The late motivational speaker Jim Rohn once said, “Success is neither magical nor mysterious. Success is the natural consequence of consistently applying basic fundamentals.”
Success in fitness means moving better and stronger, with minimal pain, and being able to complete the activities we love to the best of our ability. In short, being physically fit increases our quality of life. Fitness is not magical or mysterious. You cannot magically gain or lose results, and there is no mysterious, groundbreaking technique to help get you there. The road to being physically fit is a process, and there is always a reason for our results. It starts with the fundamentals.
Consistently working on the fundamentals of exercise technique is one of the best vehicles for your fitness journey. While specific techniques for each exercise will be different, there are a few key fundamentals that remain the same regardless of the exercise. Below is a breakdown of those fundamentals.
Fundamental: Proper Positioning
This relates to posture, contact, grip and positioning of your arms and legs.
- Are your feet (and sometimes hands) in firm contact with the floor?
- Are you gripping the weight correctly?
- Do you feel strong, comfortable and ready to react with confidence?

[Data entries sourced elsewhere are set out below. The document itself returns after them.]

(* Let $B$ be a C*-algebra and $A\subseteq B$ a closed *-subalgebra satisfying the ideal intersection property relative to $B$. Let $J$ be a closed two-sided ideal of $B$. Then $$\mathrm{Ann}_B(\langle J\cap A\rangle_B)=\mathrm{Ann}_B(J).$$
   Context: $\langle S\rangle_B=[BSB]$ denotes the closed two-sided ideal of $B$ generated by $S\subseteq B$, where $[\cdot]$ is closed linear span. For a closed two-sided ideal $K$ of $B$, $\mathrm{Ann}_B(K)=\{x\in B: xk=0\ \forall k\in K\}$ (which equals $\{x\in B: kx=0\ \forall k\in K\}$). $A$ satisfies the ideal intersection property relative to $B$ if $J\cap A\neq\{0\}$ for every nonzero closed two-sided ideal $J$ of $B$. *)

theory Defs
  imports "HOL-Analysis.Analysis"
begin

class cstar_algebra = real_normed_algebra + banach +
  fixes scaleC :: "complex \<Rightarrow> 'a \<Rightarrow> 'a"
    and cstar :: "'a \<Rightarrow> 'a"
  assumes scaleC_add_left: "scaleC (a + b) x = scaleC a x + scaleC b x"
    and scaleC_add_right: "scaleC a (x + y) = scaleC a x + scaleC a y"
    and scaleC_scaleC: "scaleC a (scaleC b x) = scaleC (a * b) x"
    and scaleC_one: "scaleC 1 x = x"
    and scaleR_scaleC: "scaleR r x = scaleC (complex_of_real r) x"
    and norm_scaleC: "norm (scaleC a x) = cmod a * norm x"
    and mult_scaleC_left: "scaleC a x * y = scaleC a (x * y)"
    and mult_scaleC_right: "x * scaleC a y = scaleC a (x * y)"
    and cstar_cstar: "cstar (cstar x) = x"
    and cstar_add: "cstar (x + y) = cstar x + cstar y"
    and cstar_scaleC: "cstar (scaleC a x) = scaleC (cnj a) (cstar x)"
    and cstar_mult: "cstar (x * y) = cstar y * cstar x"
    and cstar_identity: "norm (cstar x * x) = (norm x)\<^sup>2"

definition cspan :: "'a::cstar_algebra set \<Rightarrow> 'a set" where
  "cspan S = {x. \<exists>F c. finite F \<and> F \<subseteq> S \<and> x = (\<Sum>v\<in>F. scaleC (c v) v)}"

definition csubspace :: "'a::cstar_algebra set \<Rightarrow> bool" where
  "csubspace S \<longleftrightarrow> 0 \<in> S \<and> (\<forall>x\<in>S. \<forall>y\<in>S. x + y \<in> S) \<and> (\<forall>a. \<forall>x\<in>S. scaleC a x \<in> S)"

definition closed_star_subalgebra :: "'a::cstar_algebra set \<Rightarrow> bool" where
  "closed_star_subalgebra A \<longleftrightarrow> closed A \<and> csubspace A \<and>
     (\<forall>x\<in>A. \<forall>y\<in>A. x * y \<in> A) \<and> (\<forall>x\<in>A. cstar x \<in> A)"

definition closed_ideal :: "'a::cstar_algebra set \<Rightarrow> bool" where
  "closed_ideal J \<longleftrightarrow> closed J \<and> csubspace J \<and>
     (\<forall>b. \<forall>x\<in>J. b * x \<in> J \<and> x * b \<in> J)"

definition gen_ideal :: "'a::cstar_algebra set \<Rightarrow> 'a set" where
  "gen_ideal S = closure (cspan {b * s * c | b s c. s \<in> S})"

definition Ann :: "'a::cstar_algebra set \<Rightarrow> 'a set" where
  "Ann K = {x. \<forall>k\<in>K. x * k = 0}"

definition ideal_intersection_property :: "'a::cstar_algebra set \<Rightarrow> bool" where
  "ideal_intersection_property A \<longleftrightarrow>
     (\<forall>J. closed_ideal J \<and> J \<noteq> {0} \<longrightarrow> J \<inter> A \<noteq> {0})"

end

theory Submission
  imports Defs
begin

text \<open>Write \<open>K = \<langle>J \<inter> A\<rangle>\<close>. Since \<open>K \<subseteq> J\<close>, only \<open>Ann K \<subseteq> Ann J\<close> needs proof.
  The set \<open>N = J \<inter> Ann K\<close> is a closed ideal of \<open>B\<close>. An element \<open>a \<in> N \<inter> A\<close> lies in
  \<open>J \<inter> A\<close>, so \<open>a\<^sup>* a a\<^sup>* \<in> K\<close> (\<open>B\<close> need not be unital, so \<open>a\<close> itself need not lie in
  \<open>K\<close>) and hence \<open>a a\<^sup>* a a\<^sup>* = 0\<close>, which forces \<open>a = 0\<close> by the
  C*-identity. The ideal intersection property therefore gives \<open>N = {0}\<close>; but for
  \<open>x \<in> Ann K\<close> and \<open>k \<in> J\<close> the product \<open>x k\<close> lies in \<open>N\<close>.\<close>

lemma scaleC_zero_right [simp]: "scaleC a (0::'a::cstar_algebra) = 0"
  using scaleC_add_right[of a "0::'a" 0] by simp

lemma cstar_mult_self_eq_zero:
  fixes x :: "'a::cstar_algebra"
  assumes "cstar x * x = 0"
  shows "x = 0"
  using cstar_identity[of x] assms by simp

lemma mult_cstar_square_eq_zero:
  fixes x :: "'a::cstar_algebra"
  assumes "x * cstar x * x * cstar x = 0"
  shows "x = 0"
proof -
  define p where "p = x * cstar x"
  have "cstar p = p"
    unfolding p_def by (simp add: cstar_mult cstar_cstar)
  then have "cstar p * p = 0"
    using assms unfolding p_def by (simp add: mult.assoc)
  then have "p = 0"
    by (rule cstar_mult_self_eq_zero)
  then have "cstar (cstar x) * cstar x = 0"
    unfolding p_def by (simp add: cstar_cstar)
  then have "cstar x = 0"
    by (rule cstar_mult_self_eq_zero)
  then show "x = 0"
    using cstar_identity[of x] by simp
qed

lemma closed_ideal_zero: "closed_ideal J \<Longrightarrow> 0 \<in> J"
  unfolding closed_ideal_def csubspace_def by blast

lemma closed_ideal_mult_left: "closed_ideal J \<Longrightarrow> x \<in> J \<Longrightarrow> b * x \<in> J"
  unfolding closed_ideal_def by blast

lemma closed_ideal_mult_right: "closed_ideal J \<Longrightarrow> x \<in> J \<Longrightarrow> x * b \<in> J"
  unfolding closed_ideal_def by blast

lemma closed_ideal_Int:
  "closed_ideal I \<Longrightarrow> closed_ideal J \<Longrightarrow> closed_ideal (I \<inter> J)"
  unfolding closed_ideal_def csubspace_def by auto

lemma csubspace_sum:
  assumes "csubspace S" "finite F" "F \<subseteq> S"
  shows "(\<Sum>v\<in>F. scaleC (c v) v) \<in> S"
  using assms(2,3) assms(1) by (induction F rule: finite_induct) (simp_all add: csubspace_def)

lemma cspan_minimal: "csubspace S \<Longrightarrow> G \<subseteq> S \<Longrightarrow> cspan G \<subseteq> S"
  unfolding cspan_def using csubspace_sum by blast

lemma span_generator_mem_gen_ideal:
  assumes "s \<in> S"
  shows "b * s * c \<in> gen_ideal S"
proof -
  have "b * s * c = (\<Sum>v\<in>{b * s * c}. scaleC 1 v)"
    by (simp add: scaleC_one)
  then have "b * s * c \<in> cspan {b * s * c | b s c. s \<in> S}"
    unfolding cspan_def using assms
    by (intro CollectI exI[of _ "{b * s * c}"] exI[of _ "\<lambda>_. 1"]) auto
  then show ?thesis
    unfolding gen_ideal_def using closure_subset by blast
qed

lemma gen_ideal_minimal:
  assumes "closed T" "csubspace T" "\<And>b s c. s \<in> S \<Longrightarrow> b * s * c \<in> T"
  shows "gen_ideal S \<subseteq> T"
proof -
  have "{b * s * c | b s c. s \<in> S} \<subseteq> T"
    using assms(3) by blast
  then have "cspan {b * s * c | b s c. s \<in> S} \<subseteq> T"
    using assms(2) by (rule cspan_minimal[rotated])
  then show ?thesis
    unfolding gen_ideal_def using assms(1) by (rule closure_minimal)
qed

lemma gen_ideal_subset_closed_ideal:
  assumes "closed_ideal J" "S \<subseteq> J"
  shows "gen_ideal S \<subseteq> J"
  using assms by (intro gen_ideal_minimal) (auto simp: closed_ideal_def)

lemma Ann_antimono: "K \<subseteq> L \<Longrightarrow> Ann L \<subseteq> Ann K"
  unfolding Ann_def by blast

lemma mem_Ann_gen_ideal_iff:
  "x \<in> Ann (gen_ideal S) \<longleftrightarrow> (\<forall>b c. \<forall>s\<in>S. x * (b * s * c) = 0)"
proof
  assume "x \<in> Ann (gen_ideal S)"
  then show "\<forall>b c. \<forall>s\<in>S. x * (b * s * c) = 0"
    unfolding Ann_def using span_generator_mem_gen_ideal by blast
next
  assume generators: "\<forall>b c. \<forall>s\<in>S. x * (b * s * c) = 0"
  have "closed {k. x * k = 0}"
    by (intro closed_Collect_eq continuous_intros)
  moreover have "csubspace {k. x * k = 0}"
    by (simp add: csubspace_def distrib_left mult_scaleC_right)
  ultimately have "gen_ideal S \<subseteq> {k. x * k = 0}"
    using generators by (intro gen_ideal_minimal) auto
  then show "x \<in> Ann (gen_ideal S)"
    unfolding Ann_def by blast
qed

lemma closed_Ann: "closed (Ann K)"
proof -
  have "Ann K = (\<Inter>k\<in>K. {x. x * k = 0})"
    unfolding Ann_def by blast
  moreover have "closed {x. x * k = 0}" for k :: 'a
    by (intro closed_Collect_eq continuous_intros)
  ultimately show ?thesis
    by (simp add: closed_INT)
qed

lemma closed_ideal_Ann_gen_ideal: "closed_ideal (Ann (gen_ideal S))"
  unfolding closed_ideal_def
proof (intro conjI allI ballI)
  show "closed (Ann (gen_ideal S))"
    by (rule closed_Ann)
  show "csubspace (Ann (gen_ideal S))"
    unfolding csubspace_def Ann_def by (auto simp: distrib_right mult_scaleC_left)
next
  fix a x
  assume "x \<in> Ann (gen_ideal S)"
  then have x: "x * (b * s * c) = 0" if "s \<in> S" for b s c
    using that unfolding mem_Ann_gen_ideal_iff by blast
  show "a * x \<in> Ann (gen_ideal S)"
    unfolding mem_Ann_gen_ideal_iff using x by (metis mult.assoc mult_zero_right)
  have "x * ((a * b) * s * c) = 0" if "s \<in> S" for b s c
    using x that by blast
  then show "x * a \<in> Ann (gen_ideal S)"
    unfolding mem_Ann_gen_ideal_iff by (simp add: mult.assoc)
qed

lemma mem_Ann_gen_ideal_self_eq_zero:
  assumes "a \<in> S" "a \<in> Ann (gen_ideal S)"
  shows "a = 0"
proof -
  have "a * (cstar a * a * cstar a) = 0"
    using assms unfolding mem_Ann_gen_ideal_iff by blast
  then have "a * cstar a * a * cstar a = 0"
    by (simp only: mult.assoc)
  then show "a = 0"
    by (rule mult_cstar_square_eq_zero)
qed

lemma ideal_intersection_property_trivial_ideal:
  assumes "closed_star_subalgebra A" "ideal_intersection_property A"
    and "closed_ideal N" "N \<inter> A \<subseteq> {0}"
  shows "N = {0}"
proof -
  have "0 \<in> N \<inter> A"
    using assms(1) closed_ideal_zero[OF assms(3)] by (simp add: closed_star_subalgebra_def csubspace_def)
  then show ?thesis
    using assms(2-4) unfolding ideal_intersection_property_def by blast
qed

theorem lemma3p2:
  fixes A J :: "'a::cstar_algebra set"
  assumes "closed_star_subalgebra A"
    and "ideal_intersection_property A"
    and "closed_ideal J"
  shows "Ann (gen_ideal (J \<inter> A)) = Ann J"
proof
  let ?K = "gen_ideal (J \<inter> A)"
  show "Ann J \<subseteq> Ann ?K"
    by (rule Ann_antimono, rule gen_ideal_subset_closed_ideal) (use assms(3) in auto)
  define N where "N = J \<inter> Ann ?K"
  have "closed_ideal N"
    unfolding N_def using assms(3) closed_ideal_Ann_gen_ideal by (rule closed_ideal_Int)
  moreover have "N \<inter> A \<subseteq> {0}"
    unfolding N_def using mem_Ann_gen_ideal_self_eq_zero[of _ "J \<inter> A"] by blast
  ultimately have "N = {0}"
    using assms(1,2) ideal_intersection_property_trivial_ideal by blast
  moreover have "x * k \<in> N" if "x \<in> Ann ?K" "k \<in> J" for x k
    unfolding N_def using closed_ideal_mult_left[OF assms(3) that(2)]
      closed_ideal_mult_right[OF closed_ideal_Ann_gen_ideal that(1)] by blast
  ultimately show "Ann ?K \<subseteq> Ann J"
    unfolding Ann_def by blast
qed

end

Answering these questions before you begin any exercise will make it that much more effective. It may take some adjustments before you find the positioning that looks and feels the best for you, so adapt accordingly and consistently evaluate your performance. Sometimes even the simplest positioning fix does the trick!

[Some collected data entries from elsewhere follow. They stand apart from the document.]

lemma base_index_mem:
  assumes "x \<in> idx k (\<lambda>j. 2 * n j)"
  shows "base_index k n x \<in> idx k n"
proof -
  have "x j < 2 * n j" if "j < k" for j
    using idx_lt[OF assms that] by simp
  then have "(if x j < n j then x j else x j - n j) < n j" if "j < k" for j
    using that by fastforce
  then show ?thesis by (auto simp: idx_def base_index_def restrict_PiE_iff)
qed

lemma base_index_fiber:
  assumes i': "i' \<in> idx k n"
  shows "{x \<in> idx k (\<lambda>j. 2 * n j). base_index k n x = i'} = PiE {..<k} (\<lambda>j. {i' j, i' j + n j})"
proof (intro equalityI subsetI)
  fix x assume "x \<in> {x \<in> idx k (\<lambda>j. 2 * n j). base_index k n x = i'}"
  then have x: "x \<in> idx k (\<lambda>j. 2 * n j)" and base: "base_index k n x = i'" by auto
  have "x j \<in> {i' j, i' j + n j}" if "j < k" for j
    using that base[symmetric] by (auto simp: base_index_def)
  then show "x \<in> PiE {..<k} (\<lambda>j. {i' j, i' j + n j})"
    using x by (auto simp: idx_def PiE_iff)
next
  fix x assume x: "x \<in> PiE {..<k} (\<lambda>j. {i' j, i' j + n j})"
  have i'_lt: "i' j < n j" if "j < k" for j
    using idx_lt[OF i' that] .
  have "x j < 2 * n j" if "j < k" for j
    using PiE_mem[OF x, of j] i'_lt[OF that] that by auto
  then have "x \<in> idx k (\<lambda>j. 2 * n j)"
    using x by (auto simp: idx_def PiE_iff)
  moreover have "base_index k n x j = i' j" for j
  proof (cases "j < k")
    case True
    then show ?thesis using PiE_mem[OF x, of j] i'_lt[OF True] by (auto simp: base_index_def)
  next
    case False
    then show ?thesis using x i' by (auto simp: base_index_def PiE_iff idx_def extensional_def)
  qed
  ultimately show "x \<in> {x \<in> idx k (\<lambda>j. 2 * n j). base_index k n x = i'}"
    by auto
qed

lemma lam_tilde_realification:
  assumes "0 < k"
  shows "(\<Sum>i\<in>idx k (\<lambda>j. 2 * n j). lam_tilde k n lam i * (\<Prod>j<k. y j (i j)))
     = Re (\<Sum>i\<in>idx k n. lam i * (\<Prod>j<k. complexify k n y j (i j)))"
proof -
  define h where "h j p = phase k n j p * of_real (y j p)" for j p
  have "(\<Sum>i\<in>idx k (\<lambda>j. 2 * n j). lam_tilde k n lam i * (\<Prod>j<k. y j (i j)))
      = Re (\<Sum>i\<in>idx k (\<lambda>j. 2 * n j). lam (base_index k n i) * (\<Prod>j<k. h j (i j)))"
  proof (simp only: Re_sum, rule sum.cong[OF refl])
    fix i
    have eq: "lam (base_index k n i) * (\<Prod>j<k. h j (i j))
        = lam (base_index k n i) * (\<Prod>j<k. phase k n j (i j)) * of_real (\<Prod>j<k. y j (i j))"
      by (simp add: h_def prod.distrib mult.assoc)
    have Re_mult: "Re (w * of_real r) = Re w * r" for w r
      by simp
    then show "lam_tilde k n lam i * (\<Prod>j<k. y j (i j))
        = Re (lam (base_index k n i) * (\<Prod>j<k. h j (i j)))"
      by (simp only: eq Re_mult lam_tilde_eq[OF assms])
  qed
  also have "(\<Sum>i\<in>idx k (\<lambda>j. 2 * n j). lam (base_index k n i) * (\<Prod>j<k. h j (i j)))
     = (\<Sum>i'\<in>idx k n. \<Sum>i\<in>{x \<in> idx k (\<lambda>j. 2 * n j). base_index k n x = i'}.
          lam (base_index k n i) * (\<Prod>j<k. h j (i j)))"
    by (rule sum.group[symmetric]) (auto simp: finite_idx base_index_mem)
  also have "\<dots> = (\<Sum>i'\<in>idx k n. lam i' * (\<Prod>j<k. complexify k n y j (i' j)))"
  proof (rule sum.cong[OF refl])
    fix i' assume i': "i' \<in> idx k n"
    have "(\<Sum>i\<in>PiE {..<k} (\<lambda>j. {i' j, i' j + n j}). \<Prod>j<k. h j (i j))
       = (\<Prod>j<k. \<Sum>p\<in>{i' j, i' j + n j}. h j p)"
      by (rule prod_sum_PiE[symmetric]) auto
    also have "\<dots> = (\<Prod>j<k. complexify k n y j (i' j))"
    proof (rule prod.cong[OF refl])
      fix j assume "j \<in> {..<k}"
      then have "i' j < n j" using idx_lt[OF i'] by simp
      then show "(\<Sum>p\<in>{i' j, i' j + n j}. h j p) = complexify k n y j (i' j)"
        by (simp add: h_def phase_def complexify_def)
    qed
    finally have tensor: "(\<Sum>i\<in>PiE {..<k} (\<lambda>j. {i' j, i' j + n j}). \<Prod>j<k. h j (i j))
        = (\<Prod>j<k. complexify k n y j (i' j))" .
    have "(\<Sum>i\<in>{x \<in> idx k (\<lambda>j. 2 * n j). base_index k n x = i'}.
          lam (base_index k n i) * (\<Prod>j<k. h j (i j)))
        = lam i' * (\<Sum>i\<in>{x \<in> idx k (\<lambda>j. 2 * n j). base_index k n x = i'}. \<Prod>j<k. h j (i j))"
      unfolding sum_distrib_left by (rule sum.cong) auto
    then show "(\<Sum>i\<in>{x \<in> idx k (\<lambda>j. 2 * n j). base_index k n x = i'}.
          lam (base_index k n i) * (\<Prod>j<k. h j (i j)))
        = lam i' * (\<Prod>j<k. complexify k n y j (i' j))"
      unfolding base_index_fiber[OF i'] tensor .
  qed
  finally show ?thesis .
qed

lemma l2c_complexify: "l2c (n j) (complexify k n y j) = l2r (2 * n j) (y j)"
proof -
  have "(cmod (complexify k n y j p))\<^sup>2 = (y j p)\<^sup>2 + (y j (n j + p))\<^sup>2" for p
    by (simp add: complexify_def cmod_power2 add.commute)
  then have "(\<Sum>p<n j. (cmod (complexify k n y j p))\<^sup>2) = (\<Sum>q<n j + n j. (y j q)\<^sup>2)"
    by (simp add: sum_lessThan_add_split sum.distrib)
  then show ?thesis unfolding l2c_def l2r_def by (simp add: mult_2)
qed

lemma complexify_surj: "\<exists>y. \<forall>j p. p < n j \<longrightarrow> complexify k n y j p = v j p"
proof -
  define y where "y j q = (if q < n j then Re (v j q)
    else (if j = k - 1 then -1 else 1) * Im (v j (q - n j)))" for j q
  have "complexify k n y j p = v j p" if "p < n j" for j p
    using that by (simp add: complexify_def y_def complex_eq_iff)
  then show ?thesis by blast
qed

section \<open>The linear program\<close>

lemma lam_tilde_idx:
  assumes "0 < k" "i \<in> idx k n"
  shows "lam_tilde k n lam i = Re (lam i)"
proof -
  have "base_index k n i = i"
  proof
    fix j show "base_index k n i j = i j"
      using assms(2) idx_lt[OF assms(2), of j]
      by (cases "j < k") (auto simp: base_index_def idx_def PiE_iff extensional_def)
  qed
  moreover have "(\<Prod>j<k. phase k n j (i j)) = 1"
    by (rule prod.neutral) (simp add: phase_def idx_lt[OF assms(2)])
  ultimately show ?thesis by (simp add: lam_tilde_eq[OF assms(1)])
qed

lemma lam_tilde_shift_last:
  assumes "0 < k" "i \<in> idx k n"
  shows "lam_tilde k n lam (i(k - 1 := i (k - 1) + n (k - 1))) = Im (lam i)"
proof -
  define i2 where "i2 = i(k - 1 := i (k - 1) + n (k - 1))"
  have "base_index k n i2 = i"
  proof
    fix j show "base_index k n i2 j = i j"
      using assms idx_lt[OF assms(2), of j]
      by (cases "j < k") (auto simp: base_index_def i2_def idx_def PiE_iff extensional_def)
  qed
  moreover have "(\<Prod>j<k. phase k n j (i2 j)) = (\<Prod>j<k. if j = k - 1 then - \<i> else 1)"
    by (rule prod.cong) (auto simp: phase_def i2_def idx_lt[OF assms(2)])
  moreover have "(\<Prod>j<k. if j = k - 1 then - \<i> else 1) = - \<i>"
    using assms(1) by (simp add: prod.delta)
  ultimately show ?thesis by (simp add: lam_tilde_eq[OF assms(1)] i2_def)
qed

lemma lp_objective_eq:
  assumes "0 < k"
  shows "lp_objective k n \<rho> lam = Re (\<Sum>i\<in>idx k n. \<rho> i * lam i)"
proof -
  define E where "E = PiE {..<k} (\<lambda>j. if j = k - 1 then {n j..<2 * n j} else {..<n j})"
  define unshift where
    "unshift i = restrict (\<lambda>j. if j = k - 1 then i j - n j else i j) {..<k}" for i :: "nat \<Rightarrow> nat"
  define shift where "shift i = i(k - 1 := i (k - 1) + n (k - 1))" for i :: "nat \<Rightarrow> nat"
  have E_mem: "a j \<in> (if j = k - 1 then {n j..<2 * n j} else {..<n j})" if "a \<in> E" "j < k" for a j
    using that by (auto simp: E_def PiE_iff)
  have E_ext: "a j = undefined" if "a \<in> E" "\<not> j < k" for a j
    using that by (auto simp: E_def PiE_iff extensional_def)
  have shift_unshift: "shift (unshift a) = a" and unshift_mem: "unshift a \<in> idx k n" if "a \<in> E" for a
  proof -
    show "shift (unshift a) = a"
    proof
      fix j show "shift (unshift a) j = a j"
        using E_mem[OF that, of j] E_ext[OF that, of j] assms
        by (cases "j < k") (auto simp: shift_def unshift_def)
    qed
    show "unshift a \<in> idx k n"
      using E_mem[OF that] by (force simp: unshift_def idx_def restrict_PiE_iff)
  qed
  have "(\<Sum>i\<in>E. Im (\<rho> (unshift i)) * lam_tilde k n lam i) = (\<Sum>i\<in>idx k n. Im (\<rho> i) * Im (lam i))"
  proof (rule sum.reindex_bij_witness[of _ shift unshift])
    fix b assume b: "b \<in> idx k n"
    show "unshift (shift b) = b"
    proof
      fix j show "unshift (shift b) j = b j"
        using b by (auto simp: shift_def unshift_def idx_def PiE_iff extensional_def)
    qed
    show "shift b \<in> E"
      using b assms idx_lt[OF b] by (auto simp: E_def shift_def idx_def PiE_iff extensional_def)
  next
    fix a assume "a \<in> E"
    then show "Im (\<rho> (unshift a)) * Im (lam (unshift a)) = Im (\<rho> (unshift a)) * lam_tilde k n lam a"
      using lam_tilde_shift_last[OF assms unshift_mem] shift_unshift by (simp add: shift_def)
  qed (use shift_unshift unshift_mem in auto)
  moreover have "(\<Sum>i\<in>idx k n. Re (\<rho> i) * lam_tilde k n lam i) = (\<Sum>i\<in>idx k n. Re (\<rho> i) * Re (lam i))"
    by (rule sum.cong) (simp_all add: lam_tilde_idx[OF assms])
  ultimately show ?thesis
    unfolding lp_objective_def E_def[symmetric] unshift_def[symmetric]
    by (simp add: Re_sum sum_subtractf)
qed

definition multilinear_form :: "nat \<Rightarrow> (nat \<Rightarrow> nat) \<Rightarrow> ((nat \<Rightarrow> nat) \<Rightarrow> real)
    \<Rightarrow> (nat \<Rightarrow> nat \<Rightarrow> real) \<Rightarrow> real" where
  "multilinear_form k d L y = (\<Sum>i\<in>idx k d. L i * (\<Prod>j<k. y j (i j)))"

Fundamental: Avoid Over-squeezing
This applies to how you grip the ground with your feet, how you grip weights with your hands and how you grip your muscles during exercise. For the most part, you should avoid squeezing your feet, your grip and your muscles with excessive force.
Have you been told to squeeze your glutes or core tight? Squeezing does increase muscle activity, but over-squeezing (such as bracing your core extremely tight) can actually decrease nervous system activity and subsequent strength available. This can also lead to unwanted tightness, dysfunction and nagging pain.
Squeezing to activate the proper muscles to a certain degree definitely helps, and hard squeezing can be necessary in a rehab setting or when using a certain group of muscles for the first time in a long time, but we shouldn’t have to consciously squeeze hard all the time. Proper movement and gripping, with the right amount of force, allow the muscles to naturally engage with the right amount of energy needed to complete the task. Moving well is the best way to “squeeze.”
Fundamental: Breathing
Proper breathing technique during exercise makes all the difference. Depending on the intensity of the exercise, your breathing rate may be higher or lower, but you should always feel in control of your breath.
You should never hold your breath or strain your jaw or neck. Breathing should make everything feel better and easier, not harder or worse. A simple trick during cardio exercise is to breathe in and out with control through the nose. During weight training, breathe in during the negative phase of the movement and out during the positive phase.
For example, when squatting, breathe in when you lower down, and breathe out as you explode back up. Good breathing leads to good posture, optimal core activation, strong performance, a clear mind and efficient muscle recovery.
Do you need more specific examples? We have an entire exercise video library demonstrating proper technique for 143 different exercises! Check it out here.
Applying these principles every time you exercise will set you up on the longest runway for success and increase your quality of life. No magic or mysterious techniques — all you need are the fundamentals.